Surin Suriyawong, Sadao district chief, said this was the first group to enter the country via the Sadao crossing since it was closed in early 2020 due to Covid-19.
The other border checkpoint to be opened in the South on Friday was Wang Prachan in Satun province. These checkpoints were opened as part of the Centre for Covid-19 Situation Administration (CCSA) pilot project that allows foreigners to enter via land through the Thailand Pass system.
Surin said the 107 to cross via Sadao were Thai and Malaysian businesspeople who had registered on the Thailand Pass website.
This checkpoint has been closed to foreigners for the past two years, allowing only a handful of Thais to cross over from Malaysia on Mondays, Wednesdays and Fridays.
The arrival of the first group coincided with Malaysia’s announcement of Covid as endemic disease on April 1.
However, the Sadao district chief said tourists found the border-crossing process slow because the procedures in Thailand and Malaysia were different.
On the Thai side, tourists have to take an RT-PCR test upon arrival and wait four to six hours for results by checking into an SHA Plus hotel. The district has seven hotels that meet the SHA Plus standard, Surin added.

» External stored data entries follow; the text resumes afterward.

definition qpoch_inf :: "complex \<Rightarrow> complex \<Rightarrow> complex" where
  "qpoch_inf x q = (\<Prod>h. 1 - x * q ^ h)"

definition F1 :: "complex \<Rightarrow> complex \<Rightarrow> complex" where
  "F1 q a = (\<Sum>n. a ^ (2*n) * q ^ (2*n*(n+1)) * qpoch q (q^2) n
              * qpoch_inf (- a * q ^ (2*n+2)) q / qpoch (q^2) (q^2) n)"

definition F2 :: "complex \<Rightarrow> complex \<Rightarrow> complex" where
  "F2 q a = qpoch_inf (- a * q) q"

definition F3 :: "complex \<Rightarrow> complex \<Rightarrow> complex" where
  "F3 q a = (\<Sum>n. a ^ (2*n) * q ^ (2*n^2) * qpoch q (q^2) n
              * qpoch_inf (- a * q ^ (2*n+1)) q / qpoch (q^2) (q^2) n)"

end

theory Submission
  imports Defs
begin

text \<open>
  The first two identities are direct: \<open>F1 a\<close> equals \<open>F3 (a q)\<close> term by term, and the
  first factor of the infinite product \<open>F2\<close> splits off.

  For the third, let \<open>D a = F3 a - F3 (a q) - a q (1 + a q) F3 (a q^2)\<close>. After splitting
  off factors so that all three series share the same infinite product, the part of the
  \<open>n\<close>-th summand that vanishes at \<open>n = 0\<close> can be moved to the \<open>(n+1)\<close>-st summand
  (a telescoping sum), giving \<open>D a = \<Sum>n. X n a - Y n a\<close>. Moving \<open>X\<close> by one index once
  more gives \<open>X (n+1) a - Y n a = a^2 q^3 (X n (a q^2) - Y n (a q^2))\<close>, hence the functional
  equation \<open>D a = a^2 q^3 D (a q^2)\<close>. Since \<open>D\<close> is bounded on the unit disc, iterating the
  equation forces \<open>D = 0\<close> there, and then everywhere because \<open>a q^(2k)\<close> eventually enters
  the disc.
\<close>

lemma power_numeral_mult: "(q::'a::monoid_mult) ^ (numeral k * n) = (q ^ n) ^ numeral k"
  by (metis mult.commute power_mult)

lemma power_numeral_commute: "((q::'a::monoid_mult) ^ numeral k) ^ n = (q ^ n) ^ numeral k"
  by (metis mult.commute power_mult)

lemma zero_if_bounded_and_contracting:
  fixes f g :: "'a::real_normed_div_algebra \<Rightarrow> 'a"
  assumes p: "norm p < 1" and "\<theta> < 1"
    and feq: "\<And>b. f b = g b * f (b * p)"
    and g: "\<And>b. norm b \<le> 1 \<Longrightarrow> norm (g b) \<le> \<theta>"
    and f: "\<And>b. norm b \<le> 1 \<Longrightarrow> norm (f b) \<le> B"
  shows "f b = 0"
proof -
  have \<theta>: "0 \<le> \<theta>"
    using order_trans[OF norm_ge_zero g[of 0]] by simp
  have shrink: "norm (b * p) \<le> 1" if "norm b \<le> 1" for b
    using that p by (simp add: norm_mult mult_le_one)
  have decay: "norm (f b) \<le> \<theta> ^ k * B" if "norm b \<le> 1" for b k
    using that
  proof (induction k arbitrary: b)
    case (Suc k)
    have "norm (f b) = norm (g b) * norm (f (b * p))"
      by (subst feq) (simp add: norm_mult)
    also have "\<dots> \<le> \<theta> * (\<theta> ^ k * B)"
      using Suc shrink \<theta> by (intro mult_mono g) auto
    finally show ?case
      by simp
  qed (simp add: f)
  have disc: "f b = 0" if "norm b \<le> 1" for b
  proof -
    have "(\<lambda>k. \<theta> ^ k * B) \<longlonglongrightarrow> 0 * B"
      using \<theta> \<open>\<theta> < 1\<close> by (intro tendsto_mult_right LIMSEQ_power_zero) auto
    then have "norm (f b) \<le> 0"
      using decay[OF that] by (intro LIMSEQ_le_const) auto
    then show ?thesis
      by simp
  qed
  have reach: "f b = 0" if "norm (b * p ^ k) \<le> 1" for k
    using that
  proof (induction k arbitrary: b)
    case (Suc k)
    then have "f (b * p) = 0"
      by (simp add: mult.assoc)
    then show ?case
      by (subst feq) simp
  qed (simp add: disc)
  have "(\<lambda>k. b * p ^ k) \<longlonglongrightarrow> 0"
    using tendsto_mult_left[OF LIMSEQ_power_zero[OF p], of b] by simp
  from LIMSEQ_D[OF this zero_less_one] obtain k where "norm (b * p ^ k) \<le> 1"
    by (metis diff_zero less_imp_le order.refl)
  then show ?thesis
    by (rule reach)
qed

lemma convergent_prod_qpoch:
  fixes q x :: complex
  assumes "norm q < 1"
  shows "convergent_prod (\<lambda>h. 1 - x * q ^ h)"
proof -
  have "summable (\<lambda>h. norm x * norm q ^ h)"
    using assms by (intro summable_mult summable_geometric) auto
  then have "summable (\<lambda>h. norm ((1 - x * q ^ h) - 1))"
    by (simp add: norm_mult norm_power)
  then show ?thesis
    by (intro abs_convergent_prod_imp_convergent_prod summable_imp_abs_convergent_prod)
qed

lemma qpoch_inf_unroll:
  fixes q x :: complex
  assumes "norm q < 1"
  shows "qpoch_inf x q = (1 - x) * qpoch_inf (x * q) q"
proof -
  have "(\<lambda>h. 1 - x * q ^ h) has_prod ((\<Prod>h<1. 1 - x * q ^ h) * (\<Prod>h. 1 - x * q ^ (h + 1)))"
    by (rule has_prod_ignore_initial_segment'[OF convergent_prod_qpoch[OF assms]])
  moreover have "(\<lambda>h. 1 - x * q ^ (h + 1)) = (\<lambda>h. 1 - x * q * q ^ h)"
    by (simp add: algebra_simps)
  ultimately show ?thesis
    unfolding qpoch_inf_def has_prod_iff by simp
qed

lemma qpoch_inf_neg_power_unroll:
  fixes q b :: complex
  assumes "norm q < 1"
  shows "qpoch_inf (- b * q ^ m) q = (1 + b * q ^ m) * qpoch_inf (- b * q ^ (m + 1)) q"
  using qpoch_inf_unroll[OF assms, of "- b * q ^ m"] by (simp add: mult_ac)

lemma norm_qpoch_inf_le:
  fixes q x :: complex
  assumes "norm q < 1"
  shows "norm (qpoch_inf x q) \<le> exp (norm x / (1 - norm q))"
proof -
  have "norm (\<Prod>h\<le>n. 1 - x * q ^ h) \<le> exp (norm x / (1 - norm q))" for n
  proof -
    have "norm (\<Prod>h\<le>n. 1 - x * q ^ h) \<le> (\<Prod>h\<le>n. 1 + norm x * norm q ^ h)"
      unfolding prod_norm[symmetric]
      by (intro prod_mono conjI norm_ge_zero order.trans[OF norm_triangle_ineq4])
         (simp add: norm_mult norm_power)
    also have "\<dots> \<le> exp (\<Sum>h\<le>n. norm x * norm q ^ h)"
      by (intro prod_le_exp_sum) simp
    also have "(\<Sum>h\<le>n. norm x * norm q ^ h) \<le> (\<Sum>h. norm x * norm q ^ h)"
      using assms by (intro sum_le_suminf summable_mult summable_geometric) auto
    also have "(\<Sum>h. norm x * norm q ^ h) = norm x / (1 - norm q)"
      using assms by (simp add: suminf_mult suminf_geometric divide_simps)
    finally show ?thesis by simp
  qed
  moreover have "(\<lambda>n. norm (\<Prod>h\<le>n. 1 - x * q ^ h)) \<longlonglongrightarrow> norm (qpoch_inf x q)"
    unfolding qpoch_inf_def
    by (intro tendsto_norm convergent_prod_LIMSEQ convergent_prod_qpoch assms)
  ultimately show ?thesis
    by (intro LIMSEQ_le_const2) auto
qed

lemma norm_qpoch_le:
  fixes q x :: complex
  assumes "norm q \<le> 1"
  shows "norm (qpoch x q n) \<le> (1 + norm x) ^ n"
proof -
  have "norm (1 - x * q ^ h) \<le> 1 + norm x" for h
  proof -
    have "norm x * norm q ^ h \<le> norm x"
      using assms by (simp add: mult_left_le power_le_one)
    then show ?thesis
      using norm_triangle_ineq4[of 1 "x * q ^ h"] by (simp add: norm_mult norm_power)
  qed
  then have "(\<Prod>h<n. norm (1 - x * q ^ h)) \<le> (\<Prod>h<n. 1 + norm x)"
    by (intro prod_mono) auto
  then show ?thesis
    unfolding qpoch_def prod_norm[symmetric] by simp
qed

lemma norm_qpoch_ge:
  fixes q x :: complex
  assumes "norm x \<le> 1" "norm q \<le> 1"
  shows "(1 - norm x) ^ n \<le> norm (qpoch x q n)"
proof -
  have "1 - norm x \<le> norm (1 - x * q ^ h)" for h
  proof -
    have "norm x * norm q ^ h \<le> norm x"
      using assms by (simp add: mult_left_le power_le_one)
    then show ?thesis
      using norm_triangle_ineq3[of 1 "x * q ^ h"] by (simp add: norm_mult norm_power)
  qed
  then have "(\<Prod>h<n. 1 - norm x) \<le> (\<Prod>h<n. norm (1 - x * q ^ h))"
    using assms(1) by (intro prod_mono) auto
  then show ?thesis
    unfolding qpoch_def prod_norm[symmetric] by simp
qed

definition qweight :: "complex \<Rightarrow> nat \<Rightarrow> complex" where
  "qweight q n = q ^ (2 * n^2) * qpoch q (q^2) n / qpoch (q^2) (q^2) n"

lemma qweight_Suc:
  "qweight q (Suc n) = qweight q n * q^2 * (q ^ n) ^ 4 * (1 - q * (q ^ n)^2) / (1 - q^2 * (q ^ n)^2)"
proof -
  have "2 * (Suc n)^2 = 2 * n^2 + (4 * n + 2)"
    by (simp add: power2_eq_square)
  then have "q ^ (2 * (Suc n)^2) = q ^ (2 * n^2) * (q^2 * (q ^ n) ^ 4)"
    by (simp add: power_add power_numeral_mult power2_eq_square)
  moreover have "qpoch x (q^2) (Suc n) = qpoch x (q^2) n * (1 - x * (q ^ n)^2)" for x
    unfolding qpoch_def by (simp add: power_numeral_commute)
  ultimately show ?thesis
    unfolding qweight_def by (simp add: mult_ac)
qed

lemma one_minus_qpower_nonzero:
  fixes q :: complex
  assumes q: "norm q < 1"
  shows "1 - q^2 * (q ^ n)^2 \<noteq> 0"
proof -
  have "norm ((q ^ n)^2) \<le> 1"
    using q by (simp add: norm_power power_le_one)
  moreover have "norm (q^2) < 1"
    using q by (simp add: norm_power power_less_one_iff)
  ultimately have "norm (q^2 * (q ^ n)^2) < 1"
    unfolding norm_mult by (metis mult_left_le norm_ge_zero order_le_less_trans)
  then show ?thesis
    by auto
qed

lemma norm_qweight_le:
  fixes q :: complex
  assumes "norm q < 1"
  shows "norm (qweight q n) \<le> ((1 + norm q) / (1 - norm q)) ^ n * norm q ^ (2 * n^2)"
proof -
  have q1: "norm q \<le> 1" "norm (q^2) \<le> 1"
    using assms by (auto simp: norm_power power_le_one)
  have "norm (q^2) \<le> norm q"
    using q1 by (simp add: norm_mult power2_eq_square mult_left_le)
  then have "(1 - norm q) ^ n \<le> (1 - norm (q^2)) ^ n"
    using q1 by (intro power_mono) auto
  also have "\<dots> \<le> norm (qpoch (q^2) (q^2) n)"
    using norm_qpoch_ge[OF q1(2) q1(2)] .
  finally have den: "(1 - norm q) ^ n \<le> norm (qpoch (q^2) (q^2) n)" .
  have num: "norm (qpoch q (q^2) n) \<le> (1 + norm q) ^ n"
    using norm_qpoch_le[OF q1(2)] .
  have "norm (qweight q n) = norm q ^ (2 * n^2) * norm (qpoch q (q^2) n) / norm (qpoch (q^2) (q^2) n)"
    unfolding qweight_def by (simp add: norm_mult norm_divide norm_power)
  also have "\<dots> \<le> norm q ^ (2 * n^2) * (1 + norm q) ^ n / (1 - norm q) ^ n"
    using assms num den by (intro frac_le mult_left_mono) auto
  finally show ?thesis
    by (simp add: power_divide mult_ac)
qed

definition qterm :: "complex \<Rightarrow> complex \<Rightarrow> (nat \<Rightarrow> complex) \<Rightarrow> (nat \<Rightarrow> complex) \<Rightarrow> nat \<Rightarrow> complex" where
  "qterm q x u c n = x ^ n * u n * qweight q n * qpoch_inf (c n) q"

lemma norm_qterm_le:
  fixes q x :: complex
  assumes q: "norm q < 1" and x: "norm x \<le> X" and u: "norm (u n) \<le> M" and c: "norm (c n) \<le> \<rho>"
  shows "norm (qterm q x u c n)
    \<le> M * exp (\<rho> / (1 - norm q)) * ((X * (1 + norm q) / (1 - norm q)) ^ n * norm q ^ (2 * n^2))"
proof -
  have "norm (qpoch_inf (c n) q) \<le> exp (\<rho> / (1 - norm q))"
    using norm_qpoch_inf_le[OF q, of "c n"] c q
    by (meson divide_right_mono diff_ge_0_iff_ge exp_le_cancel_iff less_imp_le order_trans)
  then have "norm (qterm q x u c n)
      \<le> X ^ n * M * (((1 + norm q) / (1 - norm q)) ^ n * norm q ^ (2 * n^2)) * exp (\<rho> / (1 - norm q))"
    unfolding qterm_def norm_mult norm_power
    using order.trans[OF norm_ge_zero x] order.trans[OF norm_ge_zero u] q
    by (intro mult_mono power_mono x u norm_qweight_le q) auto
  then show ?thesis
    by (simp only: times_divide_eq_right[symmetric] power_mult_distrib) (simp add: mult_ac)
qed
lemma d_wedge_br:
  assumes x: "bihom Om r p x" and y: "bihom Om s q y"
  shows "d (wedge (br x y) z) = wedge (d (br x y)) z + eps (int r + int s - 1) *\<^sub>R wedge (br x y) (d z)"
proof (cases "r + s = 0")
  case True
  then show ?thesis using br_Om[OF x y] by (simp add: lin_simps)
next
  case False
  have "br x y \<in> Om (r + s - 1) ((p + q) mod 2)"
    using br_Om[OF x y] by (simp only: False if_False)
  moreover have "int (r + s - 1) = int r + int s - 1"
    using False by linarith
  ultimately show ?thesis
    using d_wedge[of "(p + q) mod 2" "br x y"] by simp
qed

lemma d_defect_wedge:
  assumes x: "bihom Om r p x" and y: "bihom Om s q y" and z: "bihom Om t u z"
    and "d_defect r x y = 0" and "d_defect r x z = 0"
  shows "d_defect r x (wedge y z) = 0"
proof -
  define e where "e = eps (int r - 1)"
  define E where "E = eps (int s)"
  define A where "A = eps ((int r - 1) * int s + int p * int q)"
  define B where "B = eps ((int r - 1) * (int s + 1) + int p * int q)"
  define C where "C = eps (int r * int s + int p * int q)"
  have d_br_y: "d (br x y) = br (d x) y + e *\<^sub>R br x (d y)"
    and d_br_z: "d (br x z) = br (d x) z + e *\<^sub>R br x (d z)"
    using assms(4,5) by (simp_all add: d_defect_def e_def algebra_simps)
  have y_Om: "y \<in> Om s q" "q < 2" using y by (auto simp: bihom_def)
  have d_y_z: "d (wedge y z) = wedge (d y) z + E *\<^sub>R wedge y (d z)"
    and d_y_br: "d (wedge y (br x z)) = wedge (d y) (br x z) + E *\<^sub>R wedge y (d (br x z))"
    unfolding E_def using d_wedge[OF y_Om(2,1)] by simp_all
  have br_y_z: "br x (wedge y z) = wedge (br x y) z + A *\<^sub>R wedge y (br x z)"
    and br_y_dz: "br x (wedge y (d z)) = wedge (br x y) (d z) + A *\<^sub>R wedge y (br x (d z))"
    unfolding A_def using br_wedge[OF x y z] br_wedge[OF x y bihom_d[OF z]] by simp_all
  have br_dx: "br (d x) (wedge y z) = wedge (br (d x) y) z + C *\<^sub>R wedge y (br (d x) z)"
    unfolding C_def using br_wedge[OF bihom_d[OF x] y z] by simp
  have br_dy: "br x (wedge (d y) z) = wedge (br x (d y)) z + B *\<^sub>R wedge (d y) (br x z)"
    unfolding B_def using br_wedge[OF x bihom_d[OF y] z] by (simp add: add.commute)
  have signs: "eps (int r + int s - 1) = e * E" "A = e * B" "C = e * B * E"
    unfolding e_def E_def A_def B_def C_def by (auto simp: eps_def even_mult_iff)
  show ?thesis
    unfolding d_defect_def e_def[symmetric] d_y_z br_y_z br_dx
    by (simp add: lin_simps d_wedge_br[OF x y] d_y_br br_dy br_y_dz d_br_y d_br_z signs algebra_simps)
qed

lemma d_defect_swap:
  assumes x: "bihom Om r p x" and y: "bihom Om s q y" and "d_defect r x y = 0"
  shows "d_defect s y x = 0"
proof -
  define S where "S = eps ((int r - 1) * (int s - 1) + int p * int q)"
  define G where "G = eps (int r * (int s - 1) + int p * int q)"
  define K where "K = eps ((int r - 1) * int s + int p * int q)"
  have antisym: "br x y = - (S *\<^sub>R br y x)" "br (d x) y = - (G *\<^sub>R br y (d x))"
    "br x (d y) = - (K *\<^sub>R br (d y) x)"
    unfolding S_def G_def K_def
    using br_antisym[OF x y] br_antisym[OF bihom_d[OF x] y] br_antisym[OF x bihom_d[OF y]] by simp_all
  have signs: "G = S * eps (int s - 1)" "S = eps (int r - 1) * K"
    unfolding G_def S_def K_def by (auto simp: eps_def even_mult_iff)
  have "d_defect r x y = - (S *\<^sub>R d_defect s y x)"
    unfolding d_defect_def antisym by (simp add: lin_simps signs algebra_simps)
  then show ?thesis
    using assms(3) eps_nonzero[of "(int r - 1) * (int s - 1) + int p * int q"] by (simp add: S_def)
qed

definition generator :: "nat \<Rightarrow> nat \<Rightarrow> 'w \<Rightarrow> bool" where
  "generator r p x \<longleftrightarrow>
     (\<exists>n f. f \<in> Agr n \<and> p = par n \<and> (r = 0 \<and> x = iota f \<or> r = 1 \<and> x = d (iota f)))"

inductive gen_product :: "nat \<Rightarrow> nat \<Rightarrow> 'w \<Rightarrow> bool" where
  gen_product_one: "gen_product 0 0 one"
| gen_product_wedge: "generator r p x \<Longrightarrow> gen_product s q w \<Longrightarrow>
    gen_product (r + s) ((p + q) mod 2) (wedge x w)"

lemma bihom_generator: "generator r p x \<Longrightarrow> bihom Om r p x"
  unfolding generator_def using bihom_iota bihom_d_iota by auto

lemma generator_one: "generator 0 0 one"
  unfolding generator_def using one_Agr iota_one by (metis par_def mod_0 nat_zero_as_int)

lemma bihom_gen_product: "gen_product r p w \<Longrightarrow> bihom Om r p w"
proof (induction rule: gen_product.induct)
  case gen_product_one
  then show ?case using bihom_generator[OF generator_one] .
next
  case (gen_product_wedge r p x s q w)
  then show ?case using bihom_generator wedge_Om by (auto simp: bihom_def)
qed

lemma d_defect_gen_product:
  assumes x: "bihom Om r p x" and gen: "\<And>s q g. generator s q g \<Longrightarrow> d_defect r x g = 0"
  shows "gen_product s q w \<Longrightarrow> d_defect r x w = 0"
proof (induction rule: gen_product.induct)
  case gen_product_one
  then show ?case using gen[OF generator_one] .
next
  case (gen_product_wedge r' p' g s q w)
  then show ?case
    using d_defect_wedge[OF x bihom_generator bihom_gen_product] gen by blast
qed

lemma span_gen_product: "span {w. \<exists>r p. gen_product r p w} = UNIV"
proof -
  define X where "X = {x. \<exists>r p. generator r p x}"
  define G where "G = {w. \<exists>r p. gen_product r p w}"
  have wedge_span: "wedge x w \<in> span G" if "x \<in> span X" "w \<in> span G" for x w
    by (rule bilinear_span_in_subspace[OF wedge_linear wedge_linear_left that subspace_span])
       (auto simp: X_def G_def intro: span_base gen_product_wedge)
  have generators: "iota ` (\<Union>n. Agr n) \<subseteq> X" "(d \<circ> iota) ` (\<Union>n. Agr n) \<subseteq> X"
    unfolding X_def generator_def by auto
  have iota_span: "iota a \<in> span X" for a
    using span_mono[OF generators(1)] span_linear_image[OF iota_linear] span_Agr by auto
  have d_iota_span: "d (iota a) \<in> span X" for a
    using span_mono[OF generators(2)] span_linear_image[OF linear_compose[OF iota_linear d_linear]]
      span_Agr by auto
  have "one \<in> span G"
    by (auto simp: G_def intro: span_base gen_product_one)
  then have "foldr (\<lambda>a w. wedge (d (iota a)) w) as one \<in> span G" for as
    by (induction as) (simp_all add: wedge_span d_iota_span)
  then have "gen_form wedge one iota d a0 as \<in> span G" for a0 as
    unfolding gen_form_def by (intro wedge_span iota_span)
  then have "span (range (\<lambda>(a0, as). gen_form wedge one iota d a0 as)) \<subseteq> span G"
    by (intro span_minimal) (auto simp: subspace_span)
  then show ?thesis
    using span_gen_form by (auto simp: G_def)
qed

lemma d_defect_eq_0_if_gen_product:
  assumes "\<And>s q w. gen_product s q w \<Longrightarrow> d_defect r x w = 0"
  shows "d_defect r x y = 0"
  using linear_eq_on_span[OF linear_d_defect[of r x] linear_zero, of "{w. \<exists>s q. gen_product s q w}" y]
    span_gen_product assms by auto

lemma differential_bracket_if_associated:
  assumes "associated_bracket P"
  shows "differential_bracket Om d br"
proof -
  have assoc: "br (iota f) (iota g) = 0" "br (iota f) (d (iota g)) = iota (P f g)"
    "br (d (iota f)) (iota g) = iota (P f g)" "br (d (iota f)) (d (iota g)) = d (iota (P f g))"
    for f g
    using assms unfolding associated_bracket_def by blast+
  have on_generators: "d_defect r x y = 0"
    if gen: "generator r p x" "generator s q y" for r p x s q y
  proof -
    obtain f g where "r = 0 \<and> x = iota f \<or> r = 1 \<and> x = d (iota f)"
      and "y = iota g \<or> y = d (iota g)"
      using gen unfolding generator_def by blast
    then show ?thesis
      unfolding d_defect_def by (elim disjE conjE) (simp_all add: assoc eps_def lin_simps)
  qed
  have d_defect_generator_left: "d_defect r x y = 0" if "generator r p x" for r p x y
    by (rule d_defect_eq_0_if_gen_product,
        rule d_defect_gen_product[OF bihom_generator[OF that] on_generators[OF that]])
  have d_defect_0: "d_defect r x y = 0" if "bihom Om r p x" for r p x y
    by (rule d_defect_eq_0_if_gen_product, rule d_defect_gen_product[OF that])
       (rule d_defect_swap[OF bihom_generator that d_defect_generator_left])
  show ?thesis
    unfolding differential_bracket_def
  proof (intro allI impI)
    fix r p s q x y
    assume "bihom Om r p x"
    from d_defect_0[OF this, of y]
    show "d (br x y) = br (d x) y + eps (int r - 1) *\<^sub>R br x (d y)"
      unfolding d_defect_def by (simp add: algebra_simps)
  qed
qed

Sofia Toh-ahlem, the owner of a foreign-exchange shop, said she opened her shop on Friday now that the border checkpoint has reopened.
“This reopening is a tangible light at the end of the tunnel and gives hope to tourism operators again,” she said. “Though there aren’t many tourists yet, I believe when Malaysia opens its borders, more will come.”
Aiyada Ujeh, president of the Haral Thai and Asean Tourism Association, said she has spoken to some 40 tourism operators in Malaysia and learned that they are waiting for Thailand to further reduce its restrictions before organising more tours in Thailand. Aiyada reckons tourists are staying away because the restrictions make travelling to Thailand expensive, and hopes the situation would improve soon.